Problem:
Print, in exact form, the lines below from the one containing "g = 1 \<and>" through the one containing "Laurent series field", and omit all others.
Extracted entries section start
(* Let $(f,g)$ be a Jacobian pair, $\xi$ a generic element of $\mathbb K$, $f_\xi=f-\xi$. Let $\alpha=\sum a_jt^j$ be a root of $f_\xi(y)$ in $\mathbb K\ll t\gg$, let $\delta=\max\{\operatorname{ord}(\alpha-\beta): g(\beta)=0\}$ and let $\sigma=\sum_{j<\delta}a_jt^j+\pi t^\delta$ be the related final $\pi$-root. Then: (i) if $\alpha$ is a major root, then $\delta<1$; (ii) if $\alpha$ is a minor root, then $\delta>1$.
   Context: $\mathbb K$ is an algebraically closed field of characteristic $0$. A Jacobian pair is a pair $(f,g)$ in $\mathbb K[x,y]$, both monic in $y$, with $f_xg_y-f_yg_x\in\mathbb K^*$. Put $x=t^{-1}$; for $h\in\mathbb K[x,y]$ write $h(y)=h(t^{-1},y)$, a polynomial in $y$ over the Puiseux field $\mathbb K\ll t\gg$; $\operatorname{ord}$ is the smallest exponent of $t$ with nonzero coefficient; $\beta$ ranges over roots of $g(y)$ in $\mathbb K\ll t\gg$; $\pi$ is an indeterminate. A root $\alpha$ of $f_\xi(y)$ is called major if $\operatorname{ord}g(\alpha)<0$ and minor if $\operatorname{ord}g(\alpha)=0$. *)

theory Defs
  imports "HOL-Computational_Algebra.Polynomial" "HOL-Computational_Algebra.Formal_Laurent_Series"
begin

text \<open>Bivariate polynomials K[x,y] are represented as 'a poly poly:
  the outer variable is y, the coefficients are polynomials in x.\<close>

definition partial_x :: "'a::field poly poly \<Rightarrow> 'a poly poly" where
  "partial_x h = map_poly pderiv h"

definition partial_y :: "'a::field poly poly \<Rightarrow> 'a poly poly" where
  "partial_y h = pderiv h"

definition jacobian_pair :: "'a::field poly poly \<Rightarrow> 'a poly poly \<Rightarrow> bool" where
  "jacobian_pair f g \<longleftrightarrow> lead_coeff f = 1 \<and> lead_coeff g = 1 \<and>
     (\<exists>c. c \<noteq> 0 \<and> partial_x f * partial_y g - partial_y f * partial_x g = [:[:c:]:])"

text \<open>Substitution x = t^{-1} with t = s^N, giving a polynomial in y over the
  Laurent series field K((s)) = K((t^{1/N})) \<subseteq> Puiseux field.\<close>
definition subst_inv :: "nat \<Rightarrow> 'a::field poly poly \<Rightarrow> 'a fls poly" where
  "subst_inv N h = map_poly (\<lambda>p. poly (map_poly fls_const p) (fls_X_intpow (- int N))) h"

definition splits :: "'a::field poly \<Rightarrow> bool" where
  "splits P \<longleftrightarrow> (\<exists>rs. P = smult (lead_coeff P) (\<Prod>r\<leftarrow>rs. [:- r, 1:]))"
Extracted entries section end
Exercise response:
  "jacobian_pair f g \<longleftrightarrow> lead_coeff f = 1 \<and> lead_coeff g = 1 \<and>
     (\<exists>c. c \<noteq> 0 \<and> partial_x f * partial_y g - partial_y f * partial_x g = [:[:c:]:])"

text \<open>Substitution x = t^{-1} with t = s^N, giving a polynomial in y over the
  Laurent series field K((s)) = K((t^{1/N})) \<subseteq> Puiseux field.\<close>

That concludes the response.